This is a comparison review article of the various existing guidelines for the management of uterine neoplasms. The guidelines being compared include National Comprehensive Cancer Network (NCCN), American Cancer Society (ACS), European Society of Gynaecological/Medical Oncology (ESGO/ESMO), Society of Gynaecology and Obstetrics (SGO), British Gynaecological Cancer Society (BGCS) and International Federation of Gynaecology and Obstetrics (FIGO). This article serves to highlight the key differences and similarities between those guidelines with regards to screening, Lynch Syndrome (Hereditary Non polyposis Colorectal Cancer) (HNPCC), prevention, diagnosis, staging, risk assessment, adjuvant therapy, treatment of advanced disease and surveillance. Comparisons are displayed in both a comprehensive table and in the form of a discussion.

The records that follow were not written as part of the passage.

text \<open>The integral does not depend on the radius, and on large circles it is \<open>O(1/R)\<close>.\<close>

lemma contour_integral_inverse_node_poly_eq_0:
  assumes "2 \<le> length ys" "\<forall>y\<in>set ys. norm y < r"
  shows "contour_integral (circlepath 0 r) (\<lambda>z. 1 / node_poly ys z) = 0"
proof -
  define c where "c = contour_integral (circlepath 0 r) (\<lambda>z. 1 / node_poly ys z)"
  obtain y where "y \<in> set ys"
    using assms(1) by (cases ys) auto
  with assms(2) have "0 < r"
    by (meson norm_ge_zero le_less_trans)
  have holo: "(\<lambda>z. 1 / node_poly ys z) holomorphic_on (UNIV - set ys)"
    by (intro holomorphic_intros) auto
  have "norm c \<le> 8 * pi / R" if R: "2 * r \<le> R" "2 \<le> R" for R
  proof -
    have "c = contour_integral (circlepath 0 R) (\<lambda>z. 1 / node_poly ys z)"
      unfolding c_def using assms(2) R \<open>0 < r\<close>
      by (intro contour_integral_circlepath_radius_cong[OF _ holo]) auto
    moreover have "(\<lambda>z. 1 / node_poly ys z) contour_integrable_on (circlepath 0 R)"
      using assms(2) R by (intro contour_integrable_continuous_circlepath continuous_intros) force
    ultimately have "((\<lambda>z. 1 / node_poly ys z) has_contour_integral c) (circlepath 0 R)"
      by (simp add: has_contour_integral_integral)
    then have "norm c \<le> 4 / R\<^sup>2 * (2 * pi * R)"
      using R norm_inverse_node_poly_le[OF assms] by (intro has_contour_integral_bound_circlepath) auto
    then show ?thesis
      using R by (simp add: power2_eq_square)
  qed
  then have "\<forall>\<^sub>F R in at_top. norm c \<le> 8 * pi / R"
    using eventually_ge_at_top[of "max (2 * r) 2"] by (auto elim: eventually_mono)
  moreover have "((\<lambda>R. 8 * pi / R) \<longlongrightarrow> 0) at_top"
    by (intro tendsto_divide_0[OF tendsto_const] filterlim_at_top_imp_at_infinity filterlim_ident)
  ultimately have "norm c \<le> 0"
    using tendsto_le[OF trivial_limit_at_top_linorder _ tendsto_const] by blast
  then show ?thesis
    by (simp add: c_def)
qed

lemma sum_residues_inverse_node_poly_eq_0:
  assumes "2 \<le> length ys"
  shows "(\<Sum>p\<in>set ys. residue (\<lambda>z. 1 / node_poly ys z) p) = 0"
proof -
  obtain r where r: "0 < r" "\<forall>y\<in>set ys. norm y < r"
    using bounded_pos_less[THEN iffD1, OF finite_imp_bounded[OF finite_set]] by blast
  then have "{p\<in>set ys. norm p < r} = set ys" "\<forall>p\<in>set ys. norm p \<noteq> r"
    by auto
  moreover have "(\<lambda>z. 1 / node_poly ys z) holomorphic_on (UNIV - set ys)"
    by (intro holomorphic_intros) auto
  ultimately show ?thesis
    using contour_integral_inverse_node_poly_eq_0[OF assms r(2)] r(1)
      contour_integral_circlepath_eq_sum_residues[of "set ys" "\<lambda>z. 1 / node_poly ys z" r]
    by simp
qed

text \<open>The residues of \<open>1 / node_poly (z # ys)\<close> sum to 0, so those at the nodes of \<open>ys\<close> add up to
  minus the residue \<open>1 / node_poly ys z\<close> at \<open>z\<close>.\<close>

lemma contour_integral_circlepath_inverse_node_poly_outside:
  assumes "ys \<noteq> []" "\<forall>y\<in>set ys. norm y < r" "r < norm z"
  shows "contour_integral (circlepath 0 r) (\<lambda>w. 1 / ((z - w) * node_poly ys w)) =
           2 * pi * \<i> / node_poly ys z"
proof -
  define h where "h = (\<lambda>w. 1 / node_poly (z # ys) w)"
  have "0 < r"
    using assms(1,2) by (cases ys) (auto intro: le_less_trans[OF norm_ge_zero])
  have z: "z \<notin> set ys"
    using assms(2,3) by force
  have "residue h z = 1 / node_poly ys z"
  proof -
    have "h = (\<lambda>w. (1 / node_poly ys w) / (w - z))"
      by (simp add: h_def fun_eq_iff)
    moreover have "residue (\<lambda>w. (1 / node_poly ys w) / (w - z)) z = 1 / node_poly ys z"
      by (rule residue_simple[of "UNIV - set ys"])
        (use z in \<open>auto simp: open_Diff finite_imp_closed intro!: holomorphic_intros\<close>)
    ultimately show ?thesis
      by (simp only:)
  qed
  moreover have "(\<Sum>p\<in>set (z # ys). residue h p) = 0"
    unfolding h_def using assms(1) by (intro sum_residues_inverse_node_poly_eq_0) (cases ys, auto)
  ultimately have sum_h: "(\<Sum>p\<in>set ys. residue h p) = - 1 / node_poly ys z"
    using z by (simp add: add_eq_0_iff)
  have "h holomorphic_on (UNIV - set (z # ys))"
    unfolding h_def by (intro holomorphic_intros) auto
  moreover have "{p\<in>set (z # ys). norm p < r} = set ys" "\<forall>p\<in>set (z # ys). norm p \<noteq> r"
    using assms(2,3) by auto
  ultimately have "contour_integral (circlepath 0 r) h = 2 * pi * \<i> * (- 1 / node_poly ys z)"
    using contour_integral_circlepath_eq_sum_residues[of "set (z # ys)" h r] \<open>0 < r\<close> sum_h by simp
  moreover have "(\<lambda>w. 1 / ((z - w) * node_poly ys w)) = (\<lambda>w. - h w)"
    by (simp add: h_def fun_eq_iff divide_simps algebra_simps)
  ultimately show ?thesis
    by (simp add: contour_integral_neg)
qed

uterine neoplasms, management guidelines, hnpcc, adjuvant therapy, risk assessment, staging, advanced disease and surveillance
ACS: American Cancer Society; ASCO: American Society of Clinical Oncology; BGSO: British Gynaecological Cancer Society; BMI: Body Mass Index; BSO: Bilateral Salpingo-oophorectomy; CT: Computed Tomography;
D&C: Dilatation and curettage; EBRT: External Beam Radiotherapy; EC: Endometrial Cancer; ESGO: European Society of Gynaecological Oncology; ESMO: European Society of Medical Oncology; FIGO: International Federation of Gynaecology and Obstetrics: HNPCC: Hereditary Non polyposis Colorectal Cancer; MRI: Magnetic Resonance Imaging; NCCN: National Comprehensive Cancer Network; SGO: Society of Gynaecology and Obstetrics; TAH: Total Abdominal Hysterectomy
Endometrial cancer (EC) is the most common gynecological malignancy worldwide [1-5]. It is also the sixth most common cancer in women and more than 90% of those diagnosed are older than 50 years of age [4,6,7]. The increase in incidence of EC is attributed to the increased incidence of obesity, prolonged exposure to oestrogen and the use of tamoxifen as an adjuvant therapy for breast cancer [1,2,6]. Patients mostly present with abnormal uterine bleeding while some present with vaginal discharge [1,2,4]. In 2017, almost two-thirds of patients had the disease confined to the uterus at the time of diagnosis [1]. EC tends to present early with symptoms that compel patients to seek healthcare, which could explain why it is mostly detected at an early stage1. Since patients with Lynch syndrome are at a higher risk of developing EC, and the fact that EC is a potentially life-threatening condition, they require annual screening as opposed to asymptomatic patients who do not need to be screened [1,4,5].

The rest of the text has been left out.